N'allez pas croire pas que cet exercice est une contrainte pour le vieux junior. Le piano bar c'est son choix de l'instant, sa façon de donner à partager, curieusement, de se renouveller.

Assis au comptoir, j'attends l'arrivée du vétéran. Je trépigne d'impatience à l'idée de le rencontrer ; surtout de l'écouter. Les vibrations du tube sur les pieds du tabouret rajoutent de l'intensité et diffusent en moi une délicate rythmique continue. Possédant tous les premiers enregistrements du pianiste originaire de Chicago, je me questionne sur la nature de son jeu musical actuel. Celui qui a écrit "Comment jouer le blues au piano" était déjà un professionnel adolescent. Il a foulé tellement de scènes. A Chicago déjà il accompagnait Bird, Hawk ou Sonny Stitt. En 1958, alors qu'il est au sommet de sa technicité, il suit durant trois ans le Dizzy's Gillespie Band. Puis, il décide de se réaliser en soliste pour parfaire son art dans un exercice de style hardu et illimité. Entre les gigs, avec son trio, il part enregistrer avec Johnny Griffin, Joe Williams, avec le bassiste Marty Rivera également. C'est son goût pour l'échange, l'initiation musicale, et ses incroyables capacités à décortiquer la musique qui le firent devenir membre de la faculté du Jazz et des Musiques Contemporaines.

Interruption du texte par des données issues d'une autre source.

(* Let $A\in\mathbb{C}^{n\times n}$, $\lambda\in\mathbb{C}$ a simple eigenvalue of $A$, $v\in\mathbb{C}^n\setminus\{0\}$ with $Av=\lambda v$ and $u\in\mathbb{C}^n\setminus\{0\}$ with $A^*u=\bar\lambda u$. Then $\frac{\|u\|\,\|v\|}{|\langle u,v\rangle|}\le\sqrt{1+\mu(A,\lambda,v)^2}$.
   Context: For $v\ne0$, $T_v=v^\perp\subset\mathbb{C}^n$, $P_{v^\perp}$ the orthogonal projection onto $T_v$, $A_{\lambda,v}=P_{v^\perp}(A-\lambda\mathrm{Id})|_{T_v}:T_v\to T_v$, and $\mu(A,\lambda,v)=\|A\|_F\|A_{\lambda,v}^{-1}\|$ (Frobenius norm times operator norm). The quantity $\|u\|\|v\|/|\langle u,v\rangle|$ is the eigenvalue condition number $\mu_\lambda(A,\lambda,v)$. *)

theory Defs
  imports "HOL-Analysis.Analysis" "HOL-Computational_Algebra.Polynomial"
begin

text \<open>Complex n-space is \<open>complex ^ 'n\<close>, n x n complex matrices are \<open>complex ^ 'n ^ 'n\<close>.
  The library norm on \<open>complex ^ 'n\<close> is the Euclidean (2-)norm.\<close>

definition cinner :: "complex ^ 'n \<Rightarrow> complex ^ 'n \<Rightarrow> complex" where
  "cinner u v = (\<Sum>i\<in>UNIV. cnj (u $ i) * v $ i)"

definition adjoint_mat :: "complex ^ 'n ^ 'n \<Rightarrow> complex ^ 'n ^ 'n" where
  "adjoint_mat A = (\<chi> i j. cnj (A $ j $ i))"

definition charpoly :: "complex ^ 'n ^ 'n \<Rightarrow> complex poly" where
  "charpoly A = det (\<chi> i j. (if i = j then [:0, 1:] else 0) - [:A $ i $ j:])"

definition simple_eigenvalue :: "complex ^ 'n ^ 'n \<Rightarrow> complex \<Rightarrow> bool" where
  "simple_eigenvalue A lam \<longleftrightarrow> order lam (charpoly A) = 1"

definition frob_norm :: "complex ^ 'n ^ 'n \<Rightarrow> real" where
  "frob_norm A = sqrt (\<Sum>i\<in>UNIV. \<Sum>j\<in>UNIV. (cmod (A $ i $ j))\<^sup>2)"

definition orth_compl :: "complex ^ 'n \<Rightarrow> (complex ^ 'n) set" where
  "orth_compl v = {w. cinner v w = 0}"

definition proj_orth :: "complex ^ 'n \<Rightarrow> complex ^ 'n \<Rightarrow> complex ^ 'n" where
  "proj_orth v w = w - (cinner v w / cinner v v) *s v"

definition A_lam_v :: "complex ^ 'n ^ 'n \<Rightarrow> complex \<Rightarrow> complex ^ 'n \<Rightarrow> complex ^ 'n \<Rightarrow> complex ^ 'n" where
  "A_lam_v A lam v w = proj_orth v ((A - mat lam) *v w)"

text \<open>The inverse of A_{\<lambda>,v} as a map T_v \<rightarrow> T_v (extended by 0 outside T_v
  to make it unique).\<close>
definition A_lam_v_inv :: "complex ^ 'n ^ 'n \<Rightarrow> complex \<Rightarrow> complex ^ 'n \<Rightarrow> complex ^ 'n \<Rightarrow> complex ^ 'n" where
  "A_lam_v_inv A lam v = (THE B.
      (\<forall>w\<in>orth_compl v. B w \<in> orth_compl v \<and> A_lam_v A lam v (B w) = w \<and> B (A_lam_v A lam v w) = w)
      \<and> (\<forall>w. w \<notin> orth_compl v \<longrightarrow> B w = 0))"

definition opnorm_on :: "(complex ^ 'n) set \<Rightarrow> (complex ^ 'n \<Rightarrow> complex ^ 'n) \<Rightarrow> real" where
  "opnorm_on T B = Sup {norm (B w) | w. w \<in> T \<and> norm w \<le> 1}"

definition mu :: "complex ^ 'n ^ 'n \<Rightarrow> complex \<Rightarrow> complex ^ 'n \<Rightarrow> real" where
  "mu A lam v = frob_norm A * opnorm_on (orth_compl v) (A_lam_v_inv A lam v)"

end

theory Submission
  imports Defs
begin

text \<open>Write \<open>u = a v + w\<close> with \<open>w \<bottom> v\<close>, so that \<open>\<parallel>u\<parallel>\<^sup>2 = |a|\<^sup>2\<parallel>v\<parallel>\<^sup>2 + \<parallel>w\<parallel>\<^sup>2\<close> and
  \<open>|\<langle>u,v\<rangle>| = |a| \<parallel>v\<parallel>\<^sup>2\<close>; it suffices to show \<open>\<parallel>w\<parallel> \<le> |a| \<parallel>v\<parallel> \<mu>(A,\<lambda>,v)\<close>.
  Let \<open>z = A\<^sub>\<lambda>\<^sub>,\<^sub>v\<^sup>-\<^sup>1 w \<in> v\<^sup>\<bottom>\<close>. Since \<open>w \<bottom> v\<close> and \<open>u\<close> is a left eigenvector,
  \<open>\<parallel>w\<parallel>\<^sup>2 = \<langle>w, (A - \<lambda>) z\<rangle> = \<langle>u - a v, (A - \<lambda>) z\<rangle> = - cnj a \<langle>v, A z\<rangle>\<close>, which is at most
  \<open>|a| \<parallel>v\<parallel> \<parallel>A\<parallel>\<^sub>F \<parallel>A\<^sub>\<lambda>\<^sub>,\<^sub>v\<^sup>-\<^sup>1\<parallel> \<parallel>w\<parallel>\<close>.

  Simplicity of \<open>\<lambda>\<close> is what makes \<open>A\<^sub>\<lambda>\<^sub>,\<^sub>v\<close> invertible: a nonzero \<open>z \<bottom> v\<close> in its kernel
  satisfies \<open>A z = \<lambda> z + c v\<close>, and in a basis beginning with \<open>v, z\<close> the characteristic matrix has
  two rows that make \<open>(X - \<lambda>)\<^sup>2\<close> divide the characteristic polynomial.\<close>

section \<open>The Hermitian inner product\<close>

lemma norm_vec_square: "(norm (x::complex^'n))\<^sup>2 = (\<Sum>i\<in>UNIV. (cmod (x$i))\<^sup>2)"
  unfolding norm_vec_def L2_set_def by (simp add: sum_nonneg)

lemma cinner_self: "cinner x x = complex_of_real ((norm x)\<^sup>2)"
  unfolding norm_vec_square cinner_def of_real_sum
  by (rule sum.cong) (auto simp: complex_norm_square mult.commute simp flip: of_real_power)

lemma cinner_self_eq_0 [simp]: "cinner x x = 0 \<longleftrightarrow> x = 0"
  by (simp add: cinner_self)

lemma cinner_add_right: "cinner x (y + z) = cinner x y + cinner x z"
  by (simp add: cinner_def distrib_left sum.distrib)

lemma cinner_diff_right: "cinner x (y - z) = cinner x y - cinner x z"
  by (simp add: cinner_def right_diff_distrib sum_subtractf)

lemma cinner_scale_right: "cinner x (c *s y) = c * cinner x y"
  by (simp add: cinner_def sum_distrib_left algebra_simps)

lemma cinner_add_left: "cinner (x + y) z = cinner x z + cinner y z"
  by (simp add: cinner_def distrib_right sum.distrib)

lemma cinner_diff_left: "cinner (x - y) z = cinner x z - cinner y z"
  by (simp add: cinner_def left_diff_distrib sum_subtractf)

lemma cinner_scale_left: "cinner (c *s x) y = cnj c * cinner x y"
  by (simp add: cinner_def sum_distrib_left algebra_simps)

lemma cinner_commute: "cinner y x = cnj (cinner x y)"
  by (simp add: cinner_def mult.commute)

lemma cinner_zero_left [simp]: "cinner 0 x = 0"
  by (simp add: cinner_def)

lemma cinner_zero_right [simp]: "cinner x 0 = 0"
  by (simp add: cinner_def)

Depuis 1988, il y enseigne le blues, donne des lessons individuelles et se concentre sur la progression de ses disciples. Il n'en publie pas moins ses propres projets. Continue de tourner dans les plus prestigieuses salles d'Occident. Du 5 au 7 octobre 2000, il se produisit en solo au mythique Lincoln Center... Je repense à tout cela, toujours accoudé au comptoire, scruttant le modeste espace qui lui est réservé. Sans le connaître je comprend tout à fait son goût pour ce lieu, sa simplicité ; un bar de copains en quelques sortes.

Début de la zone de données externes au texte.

(* Let $\mathcal{S}\subseteq\mathcal{P}_{fin}(\mathbb{N})$ be an IP set, $r\geq1$, and $c:\mathcal{S}\rightarrow[1,r]$ a coloring. Then at least one of the following holds: (1) there is an IP set $\mathcal{S}'\subseteq\mathcal{S}$ such that $c$ is constant on $\mathcal{S}'$; or (2) there are a finite collection $\mathcal{B}\subseteq\mathcal{S}$ and an IP set $\mathcal{T}\subseteq\mathcal{S}-\mathcal{B}$ such that $\mathcal{B}$ full-matches $\mathcal{T}$.
   Context: $\mathcal{P}_{fin}(\mathbb{N})$ is the set of finite subsets of $\mathbb{N}$. A set $\mathcal{S}\subseteq\mathcal{P}_{fin}(\mathbb{N})$ is an IP set if it is closed under finite unions and contains an infinite family of pairwise disjoint elements. For $B\in\mathcal{S}$, $\mathcal{S}-B:=\{T\in\mathcal{S}: T\cap B=\emptyset\}$, and for $\mathcal{B}\subseteq\mathcal{S}$, $\mathcal{S}-\mathcal{B}:=\bigcap_{B\in\mathcal{B}}(\mathcal{S}-B)$. Relative to a coloring $c$: a family $\mathcal{D}$ full-matches a set $B$ if there is $D\in\mathcal{D}$ with $c(D)=c(B)=c(D\cup B)$; $\mathcal{D}$ full-matches a family $\mathcal{B}$ if it full-matches every $B\in\mathcal{B}$. *)

theory Defs
  imports Main
begin

definition IP_set :: "nat set set \<Rightarrow> bool" where
  "IP_set S \<longleftrightarrow>
     (\<forall>A\<in>S. finite A) \<and>
     (\<forall>F. finite F \<and> F \<noteq> {} \<and> F \<subseteq> S \<longrightarrow> \<Union>F \<in> S) \<and>
     (\<exists>D. infinite D \<and> D \<subseteq> S \<and> (\<forall>A\<in>D. \<forall>B\<in>D. A \<noteq> B \<longrightarrow> A \<inter> B = {}))"

definition minus_family :: "nat set set \<Rightarrow> nat set set \<Rightarrow> nat set set" where
  "minus_family S \<B> = {T \<in> S. \<forall>B\<in>\<B>. T \<inter> B = {}}"

definition full_matches_set :: "(nat set \<Rightarrow> nat) \<Rightarrow> nat set set \<Rightarrow> nat set \<Rightarrow> bool" where
  "full_matches_set c \<D> B \<longleftrightarrow> (\<exists>D\<in>\<D>. c D = c B \<and> c B = c (D \<union> B))"

definition full_matches :: "(nat set \<Rightarrow> nat) \<Rightarrow> nat set set \<Rightarrow> nat set set \<Rightarrow> bool" where
  "full_matches c \<D> \<B> \<longleftrightarrow> (\<forall>B\<in>\<B>. full_matches_set c \<D> B)"

end

theory Submission
  imports Defs
begin

(* The first alternative of the theorem always holds: it is Hindman's finite unions theorem,
   relativised to an arbitrary IP set.  We prove
   Hindman's theorem by the Galvin-Glazer ultrafilter method.

   1. Ultrafilters: the ultrafilter lemma (every proper filter is refined by an ultrafilter).
   2. The semigroup: ultrafilters on finite nonempty sets of naturals that contain, for each n,
      the family of sets lying above n, with the operation  p \<oplus> q  induced by union.
      The operation is associative and the set is closed under it.
   3. Ellis-Numakura: a minimal closed subsemigroup (Zorn) contains an idempotent  p \<oplus> p = p.
      Closedness is the Stone topology expressed through filters: q belongs to the closure
      of K iff every set common to all members of K is in q.
   4. Hindman: for an idempotent p, every set in p contains a p-large subset that is invariant
      under "F \<mapsto> F \<union> G for p-many G"; from it a sequence of disjoint blocks all of whose
      finite unions stay in the set is built by dependent choice.
   5. Transfer: an IP set contains a sequence of disjoint nonempty sets d; colouring finite
      sets of indices by  c (\<Union> d ` G)  and condensing d along the blocks of step 4 yields
      a monochromatic IP subset. *)

section \<open>Ultrafilters\<close>

definition ultrafilter :: "'a filter \<Rightarrow> bool" where
  "ultrafilter F \<longleftrightarrow> F \<noteq> bot \<and> (\<forall>P. eventually P F \<or> eventually (\<lambda>x. \<not> P x) F)"

lemma ultrafilter_not_eventually:
  assumes "ultrafilter F"
  shows "eventually (\<lambda>x. \<not> P x) F \<longleftrightarrow> \<not> eventually P F"
  using assms eventually_frequently[of F P] unfolding ultrafilter_def frequently_def by blast

lemma ultrafilter_le_imp_eq:
  assumes F: "ultrafilter F" and G: "ultrafilter G" and le: "G \<le> F"
  shows "G = F"
proof (rule antisym[OF le], unfold le_filter_def, intro allI impI)
  fix P assume "eventually P G"
  then have "\<not> eventually (\<lambda>x. \<not> P x) G" using ultrafilter_not_eventually[OF G] by blast
  then have "\<not> eventually (\<lambda>x. \<not> P x) F" using le unfolding le_filter_def by blast
  then show "eventually P F" using ultrafilter_not_eventually[OF F] by blast
qed

lemma eventually_Inf_chain:
  assumes "C \<noteq> {}" and chain: "\<And>F G. F \<in> C \<Longrightarrow> G \<in> C \<Longrightarrow> F \<le> G \<or> G \<le> F"
  shows "eventually P (Inf C) \<longleftrightarrow> (\<exists>F\<in>C. eventually P F)"
  using assms(1)
proof (rule eventually_Inf_base)
  fix F G assume "F \<in> C" "G \<in> C"
  then show "\<exists>H\<in>C. H \<le> inf F G" using chain[of F G] by (auto simp: inf_absorb1 inf_absorb2)
qed

lemma Inf_chain_not_bot:
  fixes C :: "'a filter set"
  assumes "C \<noteq> {}" and "\<And>F G. F \<in> C \<Longrightarrow> G \<in> C \<Longrightarrow> F \<le> G \<or> G \<le> F" and "bot \<notin> C"
  shows "Inf C \<noteq> bot"
  using eventually_Inf_chain[OF assms(1,2), of "\<lambda>_. False"] assms(3)
  by (auto simp: eventually_False)

lemma maximal_filter_ultrafilter:
  assumes U: "U \<noteq> bot" and max: "\<And>G. G \<noteq> bot \<Longrightarrow> G \<le> U \<Longrightarrow> G = U"
  shows "ultrafilter U"
proof -
  have "eventually P U" if "\<not> eventually (\<lambda>x. \<not> P x) U" for P
  proof -
    have "inf U (principal {x. P x}) \<noteq> bot"
      using that by (auto simp: trivial_limit_def eventually_inf_principal)
    then have "inf U (principal {x. P x}) = U" by (rule max) simp
    moreover have "eventually P (inf U (principal {x. P x}))" by (simp add: eventually_inf_principal)
    ultimately show ?thesis by simp
  qed
  with U show ?thesis by (auto simp: ultrafilter_def)
qed

(* The ultrafilter lemma: by Zorn, F has a maximal proper refinement, which is an ultrafilter. *)
lemma ultrafilter_below:
  fixes F :: "'a filter"
  assumes "F \<noteq> bot"
  shows "\<exists>U. U \<le> F \<and> ultrafilter U"
proof -
  let ?A = "{G. G \<noteq> bot \<and> G \<le> F}"
  have "\<exists>U\<in>?A. \<forall>G\<in>?A. G \<le> U \<longrightarrow> G = U"
  proof (rule predicate_Zorn)
    show "partial_order_on ?A (relation_of (\<lambda>G H. H \<le> G) ?A)"
      unfolding partial_order_on_def preorder_on_def refl_on_def trans_on_def antisym_on_def
        relation_of_def by auto
  next
    fix C assume "C \<in> Chains (relation_of (\<lambda>G H. H \<le> G) ?A)"
    then have sub: "C \<subseteq> ?A" and chain: "\<And>G H. G \<in> C \<Longrightarrow> H \<in> C \<Longrightarrow> G \<le> H \<or> H \<le> G"
      by (auto simp: Chains_def relation_of_def)
    show "\<exists>U\<in>?A. \<forall>G\<in>C. U \<le> G"
    proof (cases "C = {}")
      case True
      then show ?thesis using assms by blast
    next
      case False
      then obtain G where "G \<in> C" by blast
      then have "Inf C \<le> F" using sub by (blast intro: Inf_lower2)
      moreover have "Inf C \<noteq> bot" using Inf_chain_not_bot[OF False chain] sub by blast
      ultimately show ?thesis by (intro bexI[of _ "Inf C"]) (auto intro: Inf_lower)
    qed
  qed
  then obtain U where U: "U \<noteq> bot" "U \<le> F" and maximal: "\<forall>G\<in>?A. G \<le> U \<longrightarrow> G = U"
    by blast
  have "ultrafilter U"
  proof (rule maximal_filter_ultrafilter[OF U(1)])
    show "G = U" if "G \<noteq> bot" "G \<le> U" for G
      using maximal that order_trans[OF that(2) U(2)] by blast
  qed
  with U(2) show ?thesis by blast
qed

section \<open>The semigroup of tail ultrafilters\<close>

definition block_above :: "nat \<Rightarrow> nat set \<Rightarrow> bool" where
  "block_above n F \<longleftrightarrow> finite F \<and> F \<noteq> {} \<and> (\<forall>x\<in>F. n < x)"

(* The closed subsemigroup of the Stone-Cech compactification on which union behaves like a
   disjoint union: ultrafilters concentrating on blocks above every n. *)
definition tail_ultrafilters :: "nat set filter set" where
  "tail_ultrafilters = {p. ultrafilter p \<and> (\<forall>n. eventually (block_above n) p)}"

definition usum :: "nat set filter \<Rightarrow> nat set filter \<Rightarrow> nat set filter" (infixl "\<oplus>" 65) where
  "p \<oplus> q = Abs_filter (\<lambda>P. eventually (\<lambda>F. eventually (\<lambda>G. P (F \<union> G)) q) p)"

lemma eventually_usum:
  "eventually P (p \<oplus> q) \<longleftrightarrow> eventually (\<lambda>F. eventually (\<lambda>G. P (F \<union> G)) q) p"
  unfolding usum_def
proof (rule eventually_Abs_filter, rule is_filter.intro)
  fix P Q :: "nat set \<Rightarrow> bool"
  assume "eventually (\<lambda>F. eventually (\<lambda>G. P (F \<union> G)) q) p"
    and "eventually (\<lambda>F. eventually (\<lambda>G. Q (F \<union> G)) q) p"
  then show "eventually (\<lambda>F. eventually (\<lambda>G. P (F \<union> G) \<and> Q (F \<union> G)) q) p"
    by eventually_elim (simp add: eventually_conj_iff)
next
  fix P Q :: "nat set \<Rightarrow> bool"
  assume "\<forall>x. P x \<longrightarrow> Q x" and "eventually (\<lambda>F. eventually (\<lambda>G. P (F \<union> G)) q) p"
  then show "eventually (\<lambda>F. eventually (\<lambda>G. Q (F \<union> G)) q) p"
    by (elim eventually_mono) (auto elim: eventually_mono)
qed simp

lemma usum_assoc: "(p \<oplus> q) \<oplus> s = p \<oplus> (q \<oplus> s)"
  by (simp add: filter_eq_iff eventually_usum Un_assoc)

lemma ultrafilter_usum:
  assumes p: "ultrafilter p" and q: "ultrafilter q"
  shows "ultrafilter (p \<oplus> q)"
  unfolding ultrafilter_def
proof (intro conjI allI)
  have "\<not> eventually (\<lambda>_. False) p" "\<not> eventually (\<lambda>_. False) q"
    using p q by (auto simp: ultrafilter_def eventually_False)
  then show "p \<oplus> q \<noteq> bot"
    by (simp add: trivial_limit_def eventually_usum)
next
  fix P
  have "eventually (\<lambda>x. \<not> P x) (p \<oplus> q) \<longleftrightarrow> \<not> eventually P (p \<oplus> q)"
    by (simp add: eventually_usum ultrafilter_not_eventually[OF q] ultrafilter_not_eventually[OF p])
  then show "eventually P (p \<oplus> q) \<or> eventually (\<lambda>x. \<not> P x) (p \<oplus> q)" by blast
qed

lemma usum_tail_ultrafilters:
  assumes p: "p \<in> tail_ultrafilters" and q: "q \<in> tail_ultrafilters"
  shows "p \<oplus> q \<in> tail_ultrafilters"
proof -
  have "eventually (block_above n) (p \<oplus> q)" for n
  proof -
    have "eventually (block_above n) p" "eventually (block_above n) q"
      using p q by (auto simp: tail_ultrafilters_def)
    then show ?thesis unfolding eventually_usum
      by (auto elim!: eventually_mono simp: block_above_def)
  qed
  with p q show ?thesis by (simp add: tail_ultrafilters_def ultrafilter_usum)
qed

(* An ultrafilter below the decreasing chain of principal filters of blocks above n. *)
lemma tail_ultrafilters_nonempty: "tail_ultrafilters \<noteq> {}"
proof -
  let ?B = "range (\<lambda>n. principal {F. block_above n F})"
  have mono: "principal {F. block_above n F} \<le> principal {F. block_above m F}" if "m \<le> n" for m n
    using that by (auto simp: block_above_def)
  have "Inf ?B \<noteq> bot"
  proof (rule Inf_chain_not_bot)
    show "bot \<notin> ?B"
    proof
      assume "bot \<in> ?B"
      then obtain n where "principal {F. block_above n F} = bot" by (auto simp: eq_commute)
      then have "{F. block_above n F} = {}" by (simp add: principal_eq_bot_iff)
      moreover have "block_above n {Suc n}" by (simp add: block_above_def)
      ultimately show False by blast
    qed
    show "F \<le> G \<or> G \<le> F" if FG: "F \<in> ?B" "G \<in> ?B" for F G
    proof -
      obtain m n where "F = principal {F. block_above m F}" "G = principal {F. block_above n F}"
        using FG by blast
      then show ?thesis using mono[of m n] mono[of n m] by (cases "m \<le> n") auto
    qed
  qed simp
  then obtain U where U: "U \<le> Inf ?B" "ultrafilter U" using ultrafilter_below by blast
  have "U \<le> principal {F. block_above n F}" for n
    using U(1) by (blast intro: order_trans Inf_lower)
  then have "U \<in> tail_ultrafilters" using U(2) by (simp add: tail_ultrafilters_def le_principal)
  then show ?thesis by blast
qed

section \<open>Idempotents: the Ellis-Numakura lemma\<close>

(* K is closed in the Stone topology: every tail ultrafilter containing all sets common to the
   members of K (i.e. every point of the closure of K) belongs to K. *)
definition closed_family :: "nat set filter set \<Rightarrow> bool" where
  "closed_family K \<longleftrightarrow> (\<forall>q\<in>tail_ultrafilters. q \<le> Sup K \<longrightarrow> q \<in> K)"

La salle est pleine. Je commence à me faire à cette habitude. Ici, plus qu'ailleurs, on savoure la musique à toutes les heures, dans tous les quartiers, tous les milieux sociaux. Comme à son habitude – parait-il – le petit bonhomme au crane lisse et aux lunettes noires arrive en retard de 20 minutes. Son fidèle ami, Hide' Tanaka, élégant contrebassiste japonais, l'attend. Adossé à un guéridon, situé juste au pied de la scenette improvisée, il sirote une Giger Hale sans s'inquiéter. L'ambiance est détendue. Monsieur Mance fait son entrée. Le sourire aux lèvres il règle le siège en velour de son piano, s'installe rapidement, et commence à jouer, sans aucuns préambules. Il se fiche pas mal du grand brouhaha causé par la clientèle du café, encore en train de savourer son copieux brunch hebdomadaire.

Trois notes expriment la fluidité de son jeu. Les sons trouvent un espace d'expression entre les tintements des couverts, les vapeurs du percolateur, le bruit des glaçons et l'enflamement des discussions. Stella by Starlight entame le premier set.
Le jeu à l'archet du malicieux contrebassiste apporte à la musique de J.M une douceur profonde et langoureuse. Derrière les piles de serviettes blanches, fraichement repassées, ils développent en questions-réponses leur complainte. Lover Man.
Personne ne regarde. Comme si un disque était en train de tourner. Mais tout le monde est imprégné par ces mélodies enveloppantes. C'est bien cela la magie du piano-bar. Dans cet exercice de style contrôlé, Junior Mance excelle. C'est un artiste complet et humble. Ses doigts danses, galoppent, dans leurs vifs élans, s'emplissent de silence, cassent la mélodie, puis langoureusement la dépose sur un tapis de plumes colorées.

A la fin de son premier set, il me rejoint. Cheers. Nous parlons de Pepper Addams, de Lester Young, d'Art Tatum et de Bud Powell. En toute simplicité il me convie à sa prochaine représentation. En effet, chaque premier dimanche du mois, il se produit en quintet, dans ce même lieu. L'expérience du duo était pour moi à l'image de sa musique. Je lui fait savoir que c'était certainement le type de formation qui lui convenait le mieux. Il sourit gentiment, me remercie et me fait savoir que j'avais probablement raison.